In Muggia (Trieste) fino al 2002.
CONCLUSIONE DELLE PARTI:
Pubblico Ministero: assoluzione con formula piena.
Parte civile: costituita all’udienza del 01.03.04 nella persona del Sindaco di Muggia Lorenzo Gasperini, nato a Trieste il 18.11.57, con domicilio eletto a Muggia in Piazza Marconi n. 1; rappresentato e difeso dall’avv. T. Benussi, come da conclusioni lette e depositate all’udienza del 10.11.04 con nota spese allegata.
Difesa: avv. Mocnik: assoluzione sia sotto il profilo del dolo che del danno amministrativo perché il fatto non sussiste; avv. Stern: assoluzione per insussistenza degli elementi anche soggettivi e assoluzione con la formula più ampia.
MOTIVI DELLA DECISIONE.
Tratto a giudizio per rispondere del reato a lui ascritto, Longo Fabio si presentava in dibattimento. Era presente quale parte civile anche il Comune di Muggia nella persona del Sindaco pro tempore.
Alla prima udienza utile, il Giudice disponeva la restituzione dei documenti presenti di fatto nel fascicolo del dibattimento, in ossequio al disposto di cui agli art. 431 e 491 c.p.p.
Il P.M. modificava l’imputazione contestando il fatto fino all’anno 2002 e, su richiesta della difesa, veniva concesso il termine con rinvio al 14.4.04.
In quella data, aperto il dibattimento, si dava ingresso alle prove testimoniali e documentali offerte dalle parti.
Venivano prodotte una serie di missive a firma del Longo, del carteggio tra il Comune di Muggia ed altri enti, l’estratto del registro Protocollo generale del Comune di Muggia, copia dell’art. 43 dello Statuto comunale, missive di soggetti diversi indirizzate al Longo e non, copie estratto del PEEP, oltre a memorie dell’imputato.
In quella sede, veniva sentito il Sindaco pro tempore del Comune di Muggia, il responsabile del Servizio Urbanistica, Furlan Ave ed inoltre Germani Maura e Gaburro Luciana dipendenti del Comune.
L’imputato rendeva spontanee dichiarazioni, a confutazione di parte del contenuto delle affermazioni dei testimoni.

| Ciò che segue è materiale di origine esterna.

definition Lhat :: "real \<Rightarrow> (real^'m \<Rightarrow> real) \<Rightarrow> (nat \<Rightarrow> real^'m \<Rightarrow> real) \<Rightarrow> nat \<Rightarrow> real^'m \<Rightarrow> real" where
  "Lhat \<alpha> pl p n \<theta> = (LINT \<theta>0|lborel.
      gauss \<theta>0 (tw_mean \<alpha> pl \<theta>) (tw_cov \<alpha> pl \<theta>) powr (1 - real n)
      * (\<Prod>j\<in>{1..n}. gauss \<theta>0 (tw_mean \<alpha> (p j) \<theta>) (tw_cov \<alpha> (p j) \<theta>)))"

definition shat :: "real \<Rightarrow> (real^'m \<Rightarrow> real) \<Rightarrow> (nat \<Rightarrow> real^'m \<Rightarrow> real) \<Rightarrow> nat \<Rightarrow> real^'m \<Rightarrow> real^'m" where
  "shat \<alpha> pl p n \<theta> = (1 - real n) *\<^sub>R grad (\<lambda>u. ln (pl u)) \<theta>
      + (\<Sum>j\<in>{1..n}. grad (\<lambda>u. ln (p j u)) \<theta>)
      + grad (\<lambda>u. ln (Lhat \<alpha> pl p n u)) \<theta>"

end

theory Submission
  imports Defs "HOL-Probability.Distributions"
begin

(* Write the prior as the term k = 0 with weight 1 - n and the observations as k = 1..n with
   weight 1; the weights sum to one.  Completing the square in theta0 turns the integrand of
   L_hat into exp (- c/2) times a translated Gaussian kernel with precision
   Lam = sum_k w_k S_k^-1, where c = sum_k w_k mu_k' S_k^-1 mu_k - b' Lam^-1 b and
   b = sum_k w_k S_k^-1 mu_k.  With constant covariances the integral of that kernel does not
   depend on theta, so ln L_hat = const - c/2; moreover the Tweedie mean mu_k then has the
   constant Jacobian (sqrt alpha / (1 - alpha)) S_k, which S_k^-1 cancels in the gradient of c.
   Substituting mu_k = (theta + (1 - alpha) g_k) / sqrt alpha gives
   grad ln L_hat = Lam^-1 (sum_k w_k S_k^-1 g_k) - sum_k w_k g_k, whose last sum cancels the
   remaining terms of s_hat. *)

section \<open>Positive definite matrices\<close>

lemma symmetric_matrix_inner:
  fixes A :: "real^'m^'m"
  assumes "transpose A = A"
  shows "x \<bullet> (A *v y) = (A *v x) \<bullet> y"
  by (metis assms dot_lmul_matrix transpose_matrix_vector)

lemma pos_def_invertible:
  fixes A :: "real^'m^'m"
  assumes "pos_def A"
  shows "invertible A"
proof -
  have "inj ((*v) A)"
  proof (rule injI)
    fix x y assume "A *v x = A *v y"
    then have "A *v (x - y) = 0" by (simp add: matrix_vector_mult_diff_distrib)
    then show "x = y" using assms unfolding pos_def_def
      by (metis inner_zero_right less_irrefl right_minus_eq)
  qed
  then show ?thesis
    using det_nz_iff_inj[OF matrix_vector_mul_linear, of A]
    by (simp add: invertible_det_nz)
qed

lemma
  fixes A :: "'a::semiring_1^'n^'m"
  assumes "invertible A"
  shows matrix_inv_right: "A ** matrix_inv A = mat 1"
    and matrix_inv_left: "matrix_inv A ** A = mat 1"
proof -
  have "\<exists>A'. A ** A' = mat 1 \<and> A' ** A = mat 1" using assms by (simp add: invertible_def)
  then have "A ** matrix_inv A = mat 1 \<and> matrix_inv A ** A = mat 1"
    unfolding matrix_inv_def by (rule someI_ex)
  then show "A ** matrix_inv A = mat 1" "matrix_inv A ** A = mat 1" by auto
qed

lemma transpose_matrix_inv_symmetric:
  fixes A :: "real^'m^'m"
  assumes "invertible A" "transpose A = A"
  shows "transpose (matrix_inv A) = matrix_inv A"
proof -
  let ?B = "matrix_inv A"
  have "A ** transpose ?B = mat 1"
    using arg_cong[OF matrix_inv_left[OF assms(1)], of transpose] assms(2)
    by (simp add: matrix_transpose_mul)
  then have "?B = ?B ** (A ** transpose ?B)" by simp
  also have "\<dots> = (?B ** A) ** transpose ?B" by (simp add: matrix_mul_assoc)
  finally show ?thesis using matrix_inv_left[OF assms(1)] by simp
qed

lemma pos_def_det_pos:
  fixes A :: "real^'m^'m"
  assumes "pos_def A"
  shows "0 < det A"
proof (rule ccontr)
  assume "\<not> 0 < det A"
  define B where "B t = (1 - t) *\<^sub>R mat 1 + t *\<^sub>R A" for t :: real
  have "continuous_on {0..1} (\<lambda>t. det (B t))"
    unfolding det_def B_def by (intro continuous_intros)
  moreover have "det (B 1) \<le> 0" "0 \<le> det (B 0)"
    using \<open>\<not> 0 < det A\<close> by (simp_all add: B_def)
  ultimately obtain t where t: "0 \<le> t" "t \<le> 1" "det (B t) = 0"
    using IVT2' by (metis zero_le_one)
  \<comment> \<open>the determinant cannot vanish on the segment from the identity to \<open>A\<close>\<close>
  have "pos_def (B t)"
    unfolding pos_def_def
  proof (intro allI impI)
    fix x :: "real^'m" assume "x \<noteq> 0"
    then have "0 < x \<bullet> x" "0 < x \<bullet> (A *v x)" using assms by (simp_all add: pos_def_def)
    moreover have "x \<bullet> (B t *v x) = (1 - t) * (x \<bullet> x) + t * (x \<bullet> (A *v x))"
      by (simp add: B_def algebra_simps scaleR_matrix_vector_assoc[symmetric])
    ultimately show "0 < x \<bullet> (B t *v x)"
      using t by (cases "t = 0") (simp_all add: add_nonneg_pos)
  qed
  then show False using t pos_def_invertible invertible_det_nz by blast
qed

lemma pos_def_coercive:
  fixes A :: "real^'m^'m"
  assumes "pos_def A"
  obtains c where "0 < c" "\<And>x. c * (norm x)\<^sup>2 \<le> x \<bullet> (A *v x)"
proof -
  let ?f = "\<lambda>x::real^'m. x \<bullet> (A *v x)"
  have "continuous_on (sphere 0 1) ?f"
    by (intro continuous_intros linear_continuous_on) auto
  moreover have "axis i 1 \<in> sphere (0::real^'m) 1" for i by simp
  then have "sphere (0::real^'m) 1 \<noteq> {}" by blast
  ultimately obtain u where u: "u \<in> sphere 0 1" "\<And>y. y \<in> sphere 0 1 \<Longrightarrow> ?f u \<le> ?f y"
    using continuous_attains_inf[OF compact_sphere] by blast
  have "u \<noteq> 0" using u(1) by auto
  then have "0 < ?f u" using assms by (simp add: pos_def_def)
  moreover have "?f u * (norm x)\<^sup>2 \<le> ?f x" for x
  proof (cases "x = 0")
    case False
    define y where "y = (1 / norm x) *\<^sub>R x"
    have "y \<in> sphere 0 1" using False by (simp add: y_def)
    moreover have "?f x = (norm x)\<^sup>2 * ?f y"
      using False by (simp add: y_def matrix_vector_mult_scaleR power2_eq_square)
    ultimately show ?thesis
      using u(2) by (metis mult.commute mult_right_mono zero_le_power2)
  qed simp
  ultimately show ?thesis using that by blast
qed

lemma transpose_sum_scaleR:
  fixes A :: "'k \<Rightarrow> real^'n^'m"
  shows "transpose (\<Sum>k\<in>I. w k *\<^sub>R A k) = (\<Sum>k\<in>I. w k *\<^sub>R transpose (A k))"
  by (induction I rule: infinite_finite_induct)
    (simp_all add: transpose_def vec_eq_iff sum_distrib_left)

lemma matrix_vector_mult_sum_left:
  fixes A :: "'k \<Rightarrow> real^'n^'m"
  shows "(\<Sum>k\<in>I. A k) *v x = (\<Sum>k\<in>I. A k *v x)"
  by (induction I rule: infinite_finite_induct)
    (simp_all add: matrix_vector_mult_add_rdistrib)

lemma sym_pos_def_matrix_inv:
  fixes S :: "real^'m^'m"
  assumes "sym_pos_def S"
  shows "transpose (matrix_inv S) = matrix_inv S"
    and "S ** matrix_inv S = mat 1" and "matrix_inv S ** S = mat 1"
  using assms pos_def_invertible transpose_matrix_inv_symmetric matrix_inv_right matrix_inv_left
  by (auto simp: sym_pos_def_def)

section \<open>Gaussian integrals\<close>

lemma integrable_exp_neg_norm_sq:
  fixes c :: real
  assumes "0 < c"
  shows "integrable lborel (\<lambda>x::'a::euclidean_space. exp (- c * (norm x)\<^sup>2))"
proof -
  define s where "s = 1 / sqrt (2 * c)"
  have s: "0 < s" "2 * s\<^sup>2 = 1 / c" using assms by (simp_all add: s_def power_divide)
  define K where "K = (1 / sqrt (2 * pi * s\<^sup>2)) ^ DIM('a)"
  \<comment> \<open>the integrand is a multiple of a product of one-dimensional normal densities\<close>
  have prod_normal: "(\<Prod>b\<in>Basis. normal_density 0 s (x \<bullet> b)) = K * exp (- c * (norm x)\<^sup>2)"
    for x :: 'a
  proof -
    have "(\<Prod>b\<in>Basis. normal_density 0 s (x \<bullet> b))
        = (\<Prod>b\<in>(Basis::'a set). (1 / sqrt (2 * pi * s\<^sup>2)) * exp (- c * (x \<bullet> b)\<^sup>2))"
      using s(2) by (intro prod.cong) (simp_all add: normal_density_def)
    also have "\<dots> = K * (\<Prod>b\<in>(Basis::'a set). exp (- c * (x \<bullet> b)\<^sup>2))"
      by (simp only: prod.distrib K_def prod_constant)
    also have "\<dots> = K * exp (\<Sum>b\<in>Basis. - c * (x \<bullet> b)\<^sup>2)"
      by (simp add: exp_sum)
    also have "(\<Sum>b\<in>Basis. - c * (x \<bullet> b)\<^sup>2) = - c * (norm x)\<^sup>2"
      unfolding power2_norm_eq_inner euclidean_inner[of x x]
      by (simp add: power2_eq_square sum_distrib_left)
    finally show ?thesis .
  qed
  have "(\<integral>\<^sup>+x. (\<Prod>b\<in>(Basis::'a set). normal_density 0 s (x \<bullet> b)) \<partial>lborel)
      = (\<integral>\<^sup>+x. (\<Prod>b\<in>(Basis::'a set). ennreal (normal_density 0 s (x \<bullet> b))) \<partial>lborel)"
    by (simp add: prod_ennreal)
  also have "\<dots> = (\<Prod>b\<in>(Basis::'a set). (\<integral>\<^sup>+x. ennreal (normal_density 0 s x) \<partial>lborel))"
    by (rule nn_integral_lborel_prod) auto
  also have "(\<integral>\<^sup>+x. ennreal (normal_density 0 s x) \<partial>lborel) = 1"
    using s(1) by (subst nn_integral_eq_integral) auto
  finally have "integrable lborel (\<lambda>x::'a. \<Prod>b\<in>Basis. normal_density 0 s (x \<bullet> b))"
    by (intro integrableI_nonneg) (simp_all add: prod_nonneg)
  then have "integrable lborel (\<lambda>x::'a. (1 / K) * (\<Prod>b\<in>Basis. normal_density 0 s (x \<bullet> b)))"
    by simp
  moreover have "0 < K" using s(1) by (simp add: K_def)
  ultimately show ?thesis by (simp add: prod_normal)
qed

In data 12.5.04, veniva sentito il teste Lomuscio responsabile dei Lavori Pubblici del Comune di Muggia, Cappiello Adriana, responsabile del servizio tecnico ed Ambiente, il maresciallo Tull dei Vigili del Comune, Tomasi Carlo addetto all’Ufficio della gestione dei Cimiteri e Carbone Antonio, attualmente ed a far data dal 2002, responsabile del servizio amministrativo, mentre dal 2000, dell’Ufficio Affari Economici e Commerciali sempre del Comune di Muggia. Anche in questa sede, l’imputato rendeva spontanee dichiarazioni.
All’udienza del 24.6.04, si concludeva l’esame dei testi del P.M. e della parte civile.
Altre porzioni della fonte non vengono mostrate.